Leea Nanos’ Bad Girl is a good ‘dark’ RnB flavoured pop song eschewing categorization

Review by Vince Leigh

In 2019, the out-the-box success of Leea Nano’s self-penned track Set Me Free helped her become a legitimate Eurovision contender. This established the young Australian singer-songwriter’s profile and led to the release of Don’t Call Me, which didn’t quite have the same impact as her debut but no doubt garnered more admirers and some career-building radio play.

Leea has returned with her third release, Bad Girl, a playful, suggestive tune that sees the talented musician exploring new territory.

Although the ‘pop princess’ tag is disparaged in the lyric here, there are still traces of that oft-maligned form, pop, in the melodic sequences and welded to the brooding, contemporary hip-hop production. This is just pop of a different nature. It’s not sunny yet neither is it too dark; it’s somewhere in between, balancing a tricky lyrical conceit— that of the vaunting individual eschewing categorization—with a musical style which is a pop style du jour.

But there’s enough restrained audacity here to get it over the line, by which I mean, for the track to be engaging without necessarily becoming too prosaic.

And Leea’s performance is convincingly potent. When in the second verse, she calls out the ‘labels’ and ‘the industry’ for their myopic viewpoints, we feel for her. One can only imagine the harebrained record execs whose habits for painting by numbers might be threatened by artists wanting to assert their creative freedom.

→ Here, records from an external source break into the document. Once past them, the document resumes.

lemma Delta_sup_ratio_stable:
  fixes f :: "'a::euclidean_space \<Rightarrow> real"
  assumes s: "0 < s" and r: "1 \<le> r" and bdd: "bounded (range f)"
    and K: "0 \<le> K" and hK: "\<And>v x. \<bar>fdiff_pow r v f x\<bar> \<le> K * norm v powr s"
    and \<epsilon>1: "0 < \<epsilon>1" "\<epsilon>1 < \<epsilon>"
  obtains \<mu> where "0 < \<mu>" "\<mu> \<le> 1 / 2"
    "\<And>x y x0 y0. 0 < y0 \<Longrightarrow> \<epsilon> < Delta_sup r f x0 y0 / y0 powr s \<Longrightarrow>
       \<bar>y - y0\<bar> < \<mu> * y0 \<Longrightarrow> norm (x - x0) < \<mu> * y0 \<Longrightarrow> \<epsilon>1 < Delta_sup r f x y / y powr s"
proof -
  have "0 < (\<epsilon> - \<epsilon>1) / 2"
    using \<epsilon>1 by simp
  then obtain \<rho> where \<rho>: "0 < \<rho>" "\<And>h x x0 t. \<bar>t - 1\<bar> \<le> \<rho> \<Longrightarrow> norm (x - x0) \<le> \<rho> * norm h \<Longrightarrow>
      \<bar>fdiff_pow r (t *\<^sub>R h) f x - fdiff_pow r h f x0\<bar> \<le> (\<epsilon> - \<epsilon>1) / 2 * norm h powr s"
    using fdiff_pow_small_perturbation[OF s r K hK] by blast
  define q where "q = (\<epsilon> + \<epsilon>1) / (2 * \<epsilon>1)"
  define \<tau> where "\<tau> = q powr (1 / s) - 1"
  have "1 < q"
    using \<epsilon>1 by (simp add: q_def)
  then have \<tau>: "0 < \<tau>" "(1 + \<tau>) powr s = q"
    using s by (simp_all add: \<tau>_def powr_powr)
  define \<mu> where "\<mu> = min \<rho> (min \<tau> (1 / 2))"
  show thesis
  proof (rule that[of \<mu>])
    show \<mu>: "0 < \<mu>" "\<mu> \<le> 1 / 2"
      using \<rho>(1) \<tau>(1) by (simp_all add: \<mu>_def)
    fix x x0 :: 'a and y y0 :: real
    assume y0: "0 < y0" and big: "\<epsilon> < Delta_sup r f x0 y0 / y0 powr s"
      and close: "\<bar>y - y0\<bar> < \<mu> * y0" "norm (x - x0) < \<mu> * y0"
    define t where "t = y / y0"
    have "\<bar>t - 1\<bar> = \<bar>y - y0\<bar> / y0"
      using y0 by (simp add: t_def field_simps abs_divide)
    then have t1: "\<bar>t - 1\<bar> \<le> \<mu>"
      using close(1) y0 by (simp add: divide_le_eq)
    have "\<mu> * y0 \<le> 1 / 2 * y0"
      using y0 \<mu>(2) by (intro mult_right_mono) simp_all
    then have "0 < y"
      using close(1)[unfolded abs_less_iff] y0 by linarith
    then have t: "\<bar>t - 1\<bar> \<le> \<mu>" "y = t * y0" "0 < t"
      using t1 y0 by (simp_all add: t_def)
    have "\<epsilon> * y0 powr s < Delta_sup r f x0 y0"
      using big y0 by (simp add: less_divide_eq)
    moreover have "\<bar>t - 1\<bar> \<le> \<rho>"
      using t(1) by (simp add: \<mu>_def)
    moreover have "\<mu> * y0 \<le> \<rho> * y0"
      using y0 by (intro mult_right_mono) (simp_all add: \<mu>_def)
    then have "norm (x - x0) \<le> \<rho> * y0"
      using close(2) by linarith
    ultimately have "(\<epsilon> - (\<epsilon> - \<epsilon>1) / 2) * y0 powr s < Delta_sup r f x (t * y0)"
      by (intro Delta_sup_lower_bound_near[OF bdd \<rho>(2) y0 _ t(3)])
    moreover have "\<epsilon> - (\<epsilon> - \<epsilon>1) / 2 = (\<epsilon> + \<epsilon>1) / 2"
      by (simp add: field_simps)
    ultimately have "(\<epsilon> + \<epsilon>1) / 2 * y0 powr s < Delta_sup r f x y"
      using t(2) by metis
    moreover have "t powr s \<le> (1 + \<tau>) powr s"
      using t(1,3) s by (intro powr_mono2) (simp_all add: \<mu>_def abs_le_iff)
    then have "y powr s \<le> q * y0 powr s"
      using t(2,3) y0 \<tau>(2) by (simp add: powr_mult mult_right_mono)
    then have "\<epsilon>1 * y powr s \<le> (\<epsilon> + \<epsilon>1) / 2 * y0 powr s"
      using mult_left_mono[of "y powr s" "q * y0 powr s" \<epsilon>1] \<epsilon>1 by (simp add: q_def)
    ultimately show "\<epsilon>1 < Delta_sup r f x y / y powr s"
      using t(2,3) y0 by (simp add: less_divide_eq)
  qed
qed

lemma hyp_dist_less_arcosh_imp:
  fixes x x0 :: "'a::real_normed_vector"
  assumes y: "0 < y" "0 < y0" and \<mu>: "0 < \<mu>" "\<mu> \<le> 1"
    and close: "hyp_dist (x, y) (x0, y0) < arcosh (1 + \<mu>\<^sup>2 / 4)"
  shows "\<bar>y - y0\<bar> < \<mu> * y0" "norm (x - x0) < \<mu> * y0"
proof -
  define N where "N = (norm (x - x0))\<^sup>2 + (y - y0)\<^sup>2"
  have "arcosh (1 + N / (2 * y * y0)) < arcosh (1 + \<mu>\<^sup>2 / 4)"
    using close by (simp add: hyp_dist_def N_def)
  then have "N / (2 * y * y0) < \<mu>\<^sup>2 / 4"
    using y by (simp add: N_def)
  then have N_less: "N < \<mu>\<^sup>2 / 2 * y * y0"
    using y by (simp add: field_simps)
  have "y < 2 * y0"
  proof (rule ccontr)
    assume "\<not> y < 2 * y0"
    then have "(y / 2)\<^sup>2 \<le> (y - y0)\<^sup>2"
      using y by (intro power_mono) simp_all
    moreover have "\<mu>\<^sup>2 / 2 * y * y0 \<le> 1 / 2 * y * (y / 2)"
      using \<mu> y \<open>\<not> y < 2 * y0\<close> by (intro mult_mono) (simp_all add: power_le_one)
    moreover have "(y - y0)\<^sup>2 \<le> N" "(y / 2)\<^sup>2 = 1 / 2 * y * (y / 2)"
      by (simp_all add: N_def power2_eq_square)
    ultimately show False
      using N_less by linarith
  qed
  then have "\<mu>\<^sup>2 / 2 * y * y0 \<le> \<mu>\<^sup>2 * y0 * y0"
    using y \<mu> by (simp add: mult_left_mono)
  also have "\<dots> = (\<mu> * y0)\<^sup>2"
    by (simp add: power2_eq_square)
  finally have "\<mu>\<^sup>2 / 2 * y * y0 \<le> (\<mu> * y0)\<^sup>2" .
  moreover have "(y - y0)\<^sup>2 \<le> N" "(norm (x - x0))\<^sup>2 \<le> N"
    by (simp_all add: N_def)
  ultimately have "(y - y0)\<^sup>2 < (\<mu> * y0)\<^sup>2" "(norm (x - x0))\<^sup>2 < (\<mu> * y0)\<^sup>2"
    using N_less by linarith+
  then have "\<bar>y - y0\<bar>\<^sup>2 < (\<mu> * y0)\<^sup>2" "(norm (x - x0))\<^sup>2 < (\<mu> * y0)\<^sup>2"
    by (simp_all only: power2_abs)
  then show "\<bar>y - y0\<bar> < \<mu> * y0" "norm (x - x0) < \<mu> * y0"
    using \<mu> y by (simp_all add: power2_less_imp_less)
qed

lemma dyadic_band_neighbour:
  fixes j :: int and y y0 :: real
  assumes "2 powr (- real_of_int j - 1) < y0" "y0 \<le> 2 powr (- real_of_int j)" "\<bar>y - y0\<bar> < y0 / 2"
  obtains i where "i \<in> {j - 1, j, j + 1}" "2 powr (- real_of_int i - 1) < y" "y \<le> 2 powr (- real_of_int i)"
proof -
  define P where "P = 2 powr (- real_of_int j)"
  have shift: "2 powr e = P * 2 powr d" if "e = - real_of_int j + d" for e d
    unfolding that P_def by (rule powr_add)
  have "2 powr (- real_of_int j - 1) = P * 2 powr (- 1)"
      "2 powr (- real_of_int (j - 1) - 1) = P * 2 powr 0" "2 powr (- real_of_int (j - 1)) = P * 2 powr 1"
      "2 powr (- real_of_int (j + 1) - 1) = P * 2 powr (- 2)" "2 powr (- real_of_int (j + 1)) = P * 2 powr (- 1)"
    by (rule shift; simp)+
  moreover have "(2::real) powr - 1 = 1 / 2" "(2::real) powr - 2 = 1 / 4"
    by (simp_all add: powr_minus)
  ultimately have band: "2 powr (- real_of_int j - 1) = P / 2"
      "2 powr (- real_of_int (j - 1) - 1) = P" "2 powr (- real_of_int (j - 1)) = 2 * P"
      "2 powr (- real_of_int (j + 1) - 1) = P / 4" "2 powr (- real_of_int (j + 1)) = P / 2"
    by simp_all
  have y0: "P / 2 < y0" "y0 \<le> P"
    using assms(1,2) by (simp_all only: band(1) P_def)
  have y: "y0 / 2 < y" "y < 3 / 2 * y0"
    using assms(3)[unfolded abs_less_iff] by auto
  consider "P < y" | "P / 2 < y" "y \<le> P" | "y \<le> P / 2"
    by linarith
  then show thesis
  proof cases
    case 1
    have "j - 1 \<in> {j - 1, j, j + 1}"
      by simp
    moreover have "2 powr (- real_of_int (j - 1) - 1) < y" "y \<le> 2 powr (- real_of_int (j - 1))"
      unfolding band using 1 y y0 by linarith+
    ultimately show thesis
      by (rule that)
  next
    case 2
    have "j \<in> {j - 1, j, j + 1}"
      by simp
    moreover have "2 powr (- real_of_int j - 1) < y" "y \<le> 2 powr (- real_of_int j)"
      unfolding band(1) P_def[symmetric] using 2 by linarith+
    ultimately show thesis
      by (rule that)
  next
    case 3
    have "j + 1 \<in> {j - 1, j, j + 1}"
      by simp
    moreover have "2 powr (- real_of_int (j + 1) - 1) < y" "y \<le> 2 powr (- real_of_int (j + 1))"
      unfolding band using 3 y y0 by linarith+
    ultimately show thesis
      by (rule that)
  qed
qed

lemma hyp_nbhd_S_set_subset:
  fixes f :: "'a::real_normed_vector \<Rightarrow> real" and j :: int
  assumes \<mu>: "0 < \<mu>" "\<mu> \<le> 1 / 2"
    and stable: "\<And>x y x0 y0. 0 < y0 \<Longrightarrow> \<epsilon> < Delta_sup r f x0 y0 / y0 powr s \<Longrightarrow>
       \<bar>y - y0\<bar> < \<mu> * y0 \<Longrightarrow> norm (x - x0) < \<mu> * y0 \<Longrightarrow> \<epsilon>1 < Delta_sup r f x y / y powr s"
  shows "hyp_nbhd (S_set r j s f \<epsilon>) (arcosh (1 + \<mu>\<^sup>2 / 4)) \<subseteq>
           S_set r (j - 1) s f \<epsilon>1 \<union> S_set r j s f \<epsilon>1 \<union> S_set r (j + 1) s f \<epsilon>1"
proof
  fix p
  assume "p \<in> hyp_nbhd (S_set r j s f \<epsilon>) (arcosh (1 + \<mu>\<^sup>2 / 4))"
  then obtain q where p: "0 < snd p" and q: "q \<in> S_set r j s f \<epsilon>"
    and close: "hyp_dist p q < arcosh (1 + \<mu>\<^sup>2 / 4)"
    unfolding hyp_nbhd_def by blast
  obtain x y x0 y0 where xy: "p = (x, y)" "q = (x0, y0)"
    by (cases p, cases q)
  from q have y0: "0 < y0" "\<epsilon> < Delta_sup r f x0 y0 / y0 powr s"
    "2 powr (- real_of_int j - 1) < y0" "y0 \<le> 2 powr (- real_of_int j)"
    by (simp_all add: xy S_set_def)
  have "0 < y" "hyp_dist (x, y) (x0, y0) < arcosh (1 + \<mu>\<^sup>2 / 4)"
    using p close by (simp_all add: xy)
  from hyp_dist_less_arcosh_imp[OF this(1) y0(1) \<mu>(1) _ this(2)] \<mu>(2)
  have near: "\<bar>y - y0\<bar> < \<mu> * y0" "norm (x - x0) < \<mu> * y0"
    by simp_all
  have "\<bar>y - y0\<bar> < y0 / 2"
    using near(1) mult_right_mono[OF \<mu>(2) less_imp_le[OF y0(1)]] by linarith
  then obtain i where i: "i \<in> {j - 1, j, j + 1}"
    "2 powr (- real_of_int i - 1) < y" "y \<le> 2 powr (- real_of_int i)"
    by (rule dyadic_band_neighbour[OF y0(3,4)])
  have "(x, y) \<in> S_set r i s f \<epsilon>1"
    using i(2,3) stable[OF y0(1,2) near] \<open>0 < y\<close> by (simp add: S_set_def)
  with i(1) show "p \<in> S_set r (j - 1) s f \<epsilon>1 \<union> S_set r j s f \<epsilon>1 \<union> S_set r (j + 1) s f \<epsilon>1"
    unfolding xy by blast
qed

And that’s just what Leea is doing here: the song is an effective meditation on self-awareness, and that in itself is laudable. The melodic structure coursing through the track is restrained where it should be, considering the baggage-heavy title, and in full bloom where it’s required.

It’s doing all the things a good ‘dark’ RnB flavoured pop song should be doing and perhaps most pertinent of all, it’s adding yet more fuel to Leea Nanos’ burgeoning musical career.